Software solution in the software-as-a-service (SaS) model for online meetings and Web conferencing solution catalogue in the SaS Forum receives growth in the area of online meetings and Web conferences. tevia online meeting 2.0 is a software as a service (SaS) solution for teleconferencing, Web conferencing, webinars or video conferences. The product received the innovation award IT the Initiative Mittelstand in the category of ‘Unified Communications’ 2009. Of the company’s customers include among others BMW, practitioners and Cision.
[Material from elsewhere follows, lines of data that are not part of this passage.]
lemma sum_sq_taylor_coeff_mult_poly_le:
  assumes "continuous_on (cball 0 1) w" "w holomorphic_on ball 0 1"
    and "\<And>z. z \<in> sphere 0 1 \<Longrightarrow> norm (w z) \<le> 1" and "finite K"
  shows "(\<Sum>k\<le>N. (norm (taylor_coeff (\<lambda>z. w z * (\<Sum>i\<in>K. q i * z ^ i)) k))\<^sup>2)
           \<le> (\<Sum>i\<in>K. (norm (q i))\<^sup>2)"
proof -
  define P where "P = (\<lambda>z. \<Sum>i\<in>K. q i * z ^ i)"
  have cw: "continuous_on (sphere 0 1) w"
    using assms(1) by (rule continuous_on_subset) auto
  have "(\<Sum>k\<le>N. (norm (taylor_coeff (\<lambda>z. w z * P z) k))\<^sup>2) \<le> circle_mean_sq (\<lambda>z. w z * P z)"
    unfolding P_def using assms(1,2)
    by (intro bessel_inequality_unit_circle holomorphic_intros continuous_intros)
  also have "\<dots> \<le> circle_mean_sq P"
    using cw assms(3) unfolding P_def
    by (intro circle_mean_sq_mono continuous_intros)
       (auto simp: norm_mult intro: mult_left_le_one_le)
  also have "\<dots> = (\<Sum>i\<in>K. (norm (q i))\<^sup>2)"
    unfolding P_def by (rule circle_mean_sq_poly[OF assms(4)])
  finally show ?thesis unfolding P_def .
qed

section \<open>One step of Schur's algorithm\<close>

lemma fps_nth_mult_cutoff:
  fixes W B :: "'a :: comm_semiring_0 fps"
  assumes "fps_nth W 0 = 0" "j \<le> N"
  shows "fps_nth (W * fps_cutoff N B) j = fps_nth (W * B) j"
  unfolding fps_mult_nth
proof (intro sum.cong refl)
  fix i assume "i \<in> {0..j}"
  then show "fps_nth W i * fps_nth (fps_cutoff N B) (j - i) = fps_nth W i * fps_nth B (j - i)"
    using assms by (cases "i = 0") auto
qed

lemma has_fps_expansion_poly_cutoff:
  fixes f :: "'a :: {banach, real_normed_field} fps"
  shows "(\<lambda>z. \<Sum>k<N. fps_nth f k * z ^ k) has_fps_expansion fps_cutoff N f"
proof -
  have "fps_cutoff N f = (\<Sum>k<N. fps_const (fps_nth f k) * fps_X ^ k)"
    by (rule fps_ext) (simp add: fps_sum_nth if_distrib cong: if_cong)
  then show ?thesis by (simp only:) (intro fps_expansion_intros)
qed

lemma norm_diff_le_norm_one_minus_mult:
  fixes g :: complex and c :: real
  assumes "\<bar>c\<bar> \<le> 1" "norm g \<le> 1"
  shows "norm (g - of_real c) \<le> norm (1 - of_real c * g)"
proof -
  have "(norm (1 - of_real c * g))\<^sup>2 - (norm (g - of_real c))\<^sup>2 = (1 - c\<^sup>2) * (1 - (norm g)\<^sup>2)"
    unfolding cmod_power2 by (simp add: power2_eq_square algebra_simps)
  also have "\<dots> \<ge> 0"
    using assms abs_square_le_1[of c] power_le_one[of "norm g" 2]
    by (intro mult_nonneg_nonneg) auto
  finally show ?thesis
    by (simp add: power2_le_iff_abs_le)
qed

lemma sum_sq_fps_nth_le_of_schur_quotient:
  fixes w A B :: "complex \<Rightarrow> complex"
  assumes "continuous_on (cball 0 1) w" "w holomorphic_on ball 0 1"
    and "\<And>z. z \<in> sphere 0 1 \<Longrightarrow> norm (w z) \<le> 1" and "w 0 = 0"
    and "A has_fps_expansion Af" "B has_fps_expansion Bf"
    and "eventually (\<lambda>z. w z * B z = A z) (nhds 0)"
  shows "(\<Sum>k\<le>N. (norm (fps_nth Af k))\<^sup>2) \<le> (\<Sum>k<N. (norm (fps_nth Bf k))\<^sup>2)"
proof -
  define Wf where "Wf = fps_expansion w 0"
  have WE: "w has_fps_expansion Wf"
    unfolding Wf_def using assms(2) by (intro has_fps_expansion_fps_expansion) auto
  have Wf0: "fps_nth Wf 0 = 0"
    using taylor_coeff_eq_fps_nth[OF WE, of 0] assms(4) by (simp add: taylor_coeff_def)
  have "A has_fps_expansion Wf * Bf"
    using has_fps_expansion_cong[of "\<lambda>z. w z * B z" A "Wf * Bf" "Wf * Bf"] assms(7)
      has_fps_expansion_mult[OF WE assms(6)] by blast
  then have WBA: "Wf * Bf = Af"
    by (rule fps_expansion_unique_complex[OF _ assms(5)])
  define Q where "Q = (\<lambda>z. \<Sum>k<N. fps_nth Bf k * z ^ k)"
  have "(\<lambda>z. w z * Q z) has_fps_expansion Wf * fps_cutoff N Bf"
    unfolding Q_def by (intro has_fps_expansion_mult WE has_fps_expansion_poly_cutoff)
  then have "taylor_coeff (\<lambda>z. w z * Q z) k = fps_nth Af k" if "k \<le> N" for k
    using that by (simp add: taylor_coeff_eq_fps_nth fps_nth_mult_cutoff Wf0 WBA)
  then have "(\<Sum>k\<le>N. (norm (fps_nth Af k))\<^sup>2) = (\<Sum>k\<le>N. (norm (taylor_coeff (\<lambda>z. w z * Q z) k))\<^sup>2)"
    by (intro sum.cong) simp_all
  also have "\<dots> \<le> (\<Sum>k<N. (norm (fps_nth Bf k))\<^sup>2)"
    unfolding Q_def using assms(1-3) by (rule sum_sq_taylor_coeff_mult_poly_le[OF _ _ _ finite_lessThan])
  finally show ?thesis .
qed

lemma schur_moebius_quotient:
  fixes G :: "complex \<Rightarrow> complex" and c :: real
  assumes cont: "continuous_on (cball 0 1) G" and holo: "G holomorphic_on ball 0 1"
    and bound: "\<And>z. z \<in> cball 0 1 \<Longrightarrow> norm (G z) \<le> 1" and c: "\<bar>c\<bar> < 1"
  defines "w \<equiv> \<lambda>z. (G z - of_real c) / (1 - of_real c * G z)"
  shows "\<And>z. z \<in> cball 0 1 \<Longrightarrow> 1 - of_real c * G z \<noteq> 0"
    and "continuous_on (cball 0 1) w" "w holomorphic_on ball 0 1"
    and "\<And>z. z \<in> sphere 0 1 \<Longrightarrow> norm (w z) \<le> 1"
proof -
  show nonzero: "1 - of_real c * G z \<noteq> 0" if "z \<in> cball 0 1" for z
  proof -
    have "norm (of_real c * G z) \<le> \<bar>c\<bar>"
      using bound[OF that] by (simp add: norm_mult mult_left_le)
    then show ?thesis using c by auto
  qed
  show "continuous_on (cball 0 1) w"
    unfolding w_def using nonzero by (intro continuous_intros cont) auto
  show "w holomorphic_on ball 0 1"
    unfolding w_def using nonzero by (intro holomorphic_intros holo) auto
  show "norm (w z) \<le> 1" if "z \<in> sphere 0 1" for z
    using norm_diff_le_norm_one_minus_mult[of c "G z"] that bound[of z] c nonzero[of z]
    by (simp add: w_def norm_divide divide_le_eq_1)
qed

lemma schur_coeff_recursion:
  fixes G :: "complex \<Rightarrow> complex" and c :: real
  assumes cont: "continuous_on (cball 0 1) G" and holo: "G holomorphic_on ball 0 1"
    and bound: "\<And>z. z \<in> cball 0 1 \<Longrightarrow> norm (G z) \<le> 1"
    and G0: "G 0 = of_real c" and c: "\<bar>c\<bar> < 1"
  shows "(\<Sum>j<Suc N. (norm (taylor_coeff G (Suc j)))\<^sup>2)
           \<le> (1 - c\<^sup>2)\<^sup>2 + c\<^sup>2 * (\<Sum>j<N. (norm (taylor_coeff G (Suc j)))\<^sup>2)"
proof -
  define Gf where "Gf = fps_expansion G 0"
  have GE: "G has_fps_expansion Gf"
    unfolding Gf_def using holo by (intro has_fps_expansion_fps_expansion) auto
  have Gf: "fps_nth Gf j = taylor_coeff G j" for j
    by (rule taylor_coeff_eq_fps_nth[OF GE, symmetric])
  define Af where "Af = Gf - fps_const (of_real c)"
  define Bf where "Bf = 1 - fps_const (of_real c) * Gf"
  have AE: "(\<lambda>z. G z - of_real c) has_fps_expansion Af"
    and BE: "(\<lambda>z. 1 - of_real c * G z) has_fps_expansion Bf"
    unfolding Af_def Bf_def by (intro fps_expansion_intros GE)+
  note w = schur_moebius_quotient[OF cont holo bound c]
  have "1 - of_real c * G z \<noteq> 0" if "z \<in> ball 0 1" for z
    using w(1) that by auto
  moreover have "eventually (\<lambda>z. z \<in> ball 0 1) (nhds (0::complex))"
    by (intro eventually_nhds_in_open) auto
  ultimately have w_B: "eventually (\<lambda>z. (G z - of_real c) / (1 - of_real c * G z) * (1 - of_real c * G z)
                                = G z - of_real c) (nhds 0)"
    by (auto elim!: eventually_mono)
  have Af_Bf: "(\<Sum>k\<le>Suc N. (norm (fps_nth Af k))\<^sup>2) \<le> (\<Sum>k<Suc N. (norm (fps_nth Bf k))\<^sup>2)"
    by (rule sum_sq_fps_nth_le_of_schur_quotient[OF w(2-4) _ AE BE w_B]) (use G0 in auto)
  have "taylor_coeff G 0 = of_real c"
    by (simp add: taylor_coeff_def G0)
  then have Af0: "fps_nth Af 0 = 0" and Bf0: "fps_nth Bf 0 = of_real (1 - c\<^sup>2)"
    by (simp_all add: Af_def Bf_def Gf power2_eq_square)
  have AfSuc: "fps_nth Af (Suc j) = taylor_coeff G (Suc j)"
    and BfSuc: "norm (fps_nth Bf (Suc j)) = \<bar>c\<bar> * norm (taylor_coeff G (Suc j))" for j
    by (simp_all add: Af_def Bf_def Gf norm_mult)
  have "(\<Sum>k\<le>Suc N. (norm (fps_nth Af k))\<^sup>2) = (\<Sum>j<Suc N. (norm (taylor_coeff G (Suc j)))\<^sup>2)"
    by (simp only: sum.atMost_Suc_shift Af0 AfSuc lessThan_Suc_atMost) simp
  moreover have "(\<Sum>k<Suc N. (norm (fps_nth Bf k))\<^sup>2)
                   = (1 - c\<^sup>2)\<^sup>2 + c\<^sup>2 * (\<Sum>j<N. (norm (taylor_coeff G (Suc j)))\<^sup>2)"
    by (simp only: sum.lessThan_Suc_shift Bf0 BfSuc norm_of_real power2_abs power_mult_distrib
        sum_distrib_left)
  ultimately show ?thesis
    using Af_Bf by simp
qed

lemma schur_coeff_partial_sums_le:
  fixes G :: "complex \<Rightarrow> complex" and c :: real
  assumes "continuous_on (cball 0 1) G" "G holomorphic_on ball 0 1"
    and "\<And>z. z \<in> cball 0 1 \<Longrightarrow> norm (G z) \<le> 1"
    and "G 0 = of_real c" "\<bar>c\<bar> < 1"
  shows "(\<Sum>j<m. (norm (taylor_coeff G (Suc j)))\<^sup>2) \<le> (1 - c\<^sup>2)\<^sup>2 * (\<Sum>j<m. (c\<^sup>2) ^ j)"
proof (induction m)
  case (Suc m)
  have "(\<Sum>j<Suc m. (norm (taylor_coeff G (Suc j)))\<^sup>2)
          \<le> (1 - c\<^sup>2)\<^sup>2 + c\<^sup>2 * (\<Sum>j<m. (norm (taylor_coeff G (Suc j)))\<^sup>2)"
    by (rule schur_coeff_recursion[OF assms])
  also have "\<dots> \<le> (1 - c\<^sup>2)\<^sup>2 + c\<^sup>2 * ((1 - c\<^sup>2)\<^sup>2 * (\<Sum>j<m. (c\<^sup>2) ^ j))"
    using Suc.IH by (intro add_left_mono mult_left_mono) auto
  also have "\<dots> = (1 - c\<^sup>2)\<^sup>2 * (1 + c\<^sup>2 * (\<Sum>j<m. (c\<^sup>2) ^ j))"
    by (simp add: algebra_simps)
  also have "1 + c\<^sup>2 * (\<Sum>j<m. (c\<^sup>2) ^ j) = (\<Sum>j<Suc m. (c\<^sup>2) ^ j)"
    by (simp only: sum.lessThan_Suc_shift power_0 power_Suc sum_distrib_left)
  finally show ?case .
qed simp

lemma weighted_sum_le_of_partial_sums_le:
  fixes w x y :: "nat \<Rightarrow> real"
  assumes partial: "\<And>k. (\<Sum>j<k. x j) \<le> (\<Sum>j<k. y j)"
    and dec: "decseq w" and nonneg: "\<And>j. 0 \<le> w j"
  shows "(\<Sum>j<n. w j * x j) \<le> (\<Sum>j<n. w j * y j)"
proof -
  define d where "d j = x j - y j" for j
  have D: "(\<Sum>j<k. d j) \<le> 0" for k
    using partial[of k] by (simp add: d_def sum_subtractf)
  have abel: "(\<Sum>j<k. w j * d j) \<le> w k * (\<Sum>j<k. d j)" for k
  proof (induction k)
    case (Suc k)
    have "(\<Sum>j<Suc k. w j * d j) \<le> w k * (\<Sum>j<k. d j) + w k * d k"
      using Suc.IH by simp
    also have "\<dots> = w k * (\<Sum>j<Suc k. d j)"
      by (simp add: algebra_simps)
    also have "\<dots> \<le> w (Suc k) * (\<Sum>j<Suc k. d j)"
      using D[of "Suc k"] dec by (intro mult_right_mono_neg) (simp_all add: decseq_Suc_iff)
    finally show ?case .
  qed simp
  have "(\<Sum>j<n. w j * d j) \<le> 0"
    using abel[of n] D[of n] nonneg[of n] by (meson mult_nonneg_nonpos order_trans)
  then show ?thesis
    by (simp add: d_def algebra_simps sum_subtractf)
qed

section \<open>The Bloch class\<close>

lemma taylor_coeff_scaled_deriv:
  assumes "F analytic_on {0}"
  shows "taylor_coeff (\<lambda>z. c * deriv F (u * z)) j = c * u ^ j * of_nat (Suc j) * taylor_coeff F (Suc j)"
proof -
  have FE: "F has_fps_expansion fps_expansion F 0"
    using assms by (rule analytic_at_imp_has_fps_expansion_0)
  have "(\<lambda>z. u * z) has_fps_expansion fps_const u * fps_X"
    by (intro fps_expansion_intros)
  then have "(deriv F \<circ> (\<lambda>z. u * z)) has_fps_expansion (fps_deriv (fps_expansion F 0) oo (fps_const u * fps_X))"
    by (intro has_fps_expansion_compose has_fps_expansion_deriv FE) simp_all
  then have "(\<lambda>z. c * deriv F (u * z)) has_fps_expansion
               fps_const c * (fps_deriv (fps_expansion F 0) oo (fps_const u * fps_X))"
    by (intro has_fps_expansion_cmult_left) (simp add: o_def)
  then have "taylor_coeff (\<lambda>z. c * deriv F (u * z)) j
               = c * (u ^ j * (of_nat (Suc j) * fps_nth (fps_expansion F 0) (Suc j)))"
    by (simp only: taylor_coeff_eq_fps_nth fps_mult_left_const_nth fps_nth_compose_linear
        fps_deriv_nth Suc_eq_plus1)
  then show ?thesis
    by (simp add: taylor_coeff_eq_fps_nth[OF FE] mult_ac)
qed

definition bloch_schur :: "(complex \<Rightarrow> complex) \<Rightarrow> complex \<Rightarrow> complex" where
  "bloch_schur F z = 2/3 * deriv F (of_real (1 / sqrt 3) * z)"

lemma bloch_schur_holomorphic:
  assumes "F \<in> bloch_class"
  shows "bloch_schur F holomorphic_on ball 0 (sqrt 3)"
proof -
  have "deriv F holomorphic_on ball 0 1"
    using assms by (intro holomorphic_deriv) (auto simp: bloch_class_def)
  moreover have "(\<lambda>z. of_real (1 / sqrt 3) * z) holomorphic_on ball 0 (sqrt 3)"
    by (intro holomorphic_intros)
  moreover have "of_real (1 / sqrt 3) * z \<in> ball 0 1" if "z \<in> ball 0 (sqrt 3)" for z :: complex
    using that by (simp add: norm_divide divide_less_eq)
  ultimately have "(deriv F \<circ> (\<lambda>z. of_real (1 / sqrt 3) * z)) holomorphic_on ball 0 (sqrt 3)"
    by (intro holomorphic_on_compose_gen) auto
  then show ?thesis
    unfolding bloch_schur_def[abs_def] o_def by (intro holomorphic_intros)
qed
SaS forum solution catalog – overview of German software-as-a-service (SaS) solutions target the solution catalog in the SaS Forum is to support users, which are offered in the software-as-a-service model of search software solutions. With software-as-a-service (SaS) applications are not locally on the computer or to the company network installed, but used over the Internet. Typically, Internet access and an appropriate Internet browser enough to use. For operation and maintenance of the SaS provider is responsible.

Pricing is dependent on use. In the solution Gallery of the SaS Forum there since mid-2007, are now more than 150 applications from the various applications available. The directory can be called on the Internet at anwendungen.html. Werner Grohmann, SaS-Forum

The essentials series: Tactics in optimizing virtual machine disk IOPS London, July 21, 2011 – realtime publishers, the leading provider of expert, third-party independent content for the IT market has issued a new e-book entitled “tactics in optimizing virtual machine disk IOPS”. Authored by IT expert Greg shields, the e-book covers vital information for any virtual IT environment, with a host of practices to fully achieve at optimized virtual machine. In his e-book, the author Greg Shields IT whose expertise spans 15 years and is a multiple recipient of Microsoft “Most Valuable Professional” award as well as VMware’s vExpert award comments: “disk optimization in virtual environments is absolutely a necessary activity. That optimization comes in many forms. “A proper design goes far in ensuring hardware is ready to support the IOPS demand of needy VMs. correctly configuring those VMs during operations represents another facet.” The free e-book is intended to show how a bad design combined with incorrect VM configurations can be detrimental to performance and hinder VM disk I / O. Thomas Doria, new business development manager at Diskeeper Corporation Europe comments: “this e-book is a vital tool for today’s IT consultant currently immersed in the field of virtualization.” “It gives IT admins to excellent overview and understanding of two major areas: poor practices that hinder VM disk IOPS and defining requirements for a VM disk optimization solution.” To download the new e-book click here about Diskeeper Corporation – Microsoft Gold partner innovators in performance and reliability technologies : CIOs, IT managers, and system administrators of global Fortune 1000 and Forbes 500 enterprises rely on Diskeeper performance software to provide unparalleled performance and reliability to their business laptops, desktops and servers. Diskeeper 2011 includes the breakthrough IntelliWrite fragmentation prevention technology.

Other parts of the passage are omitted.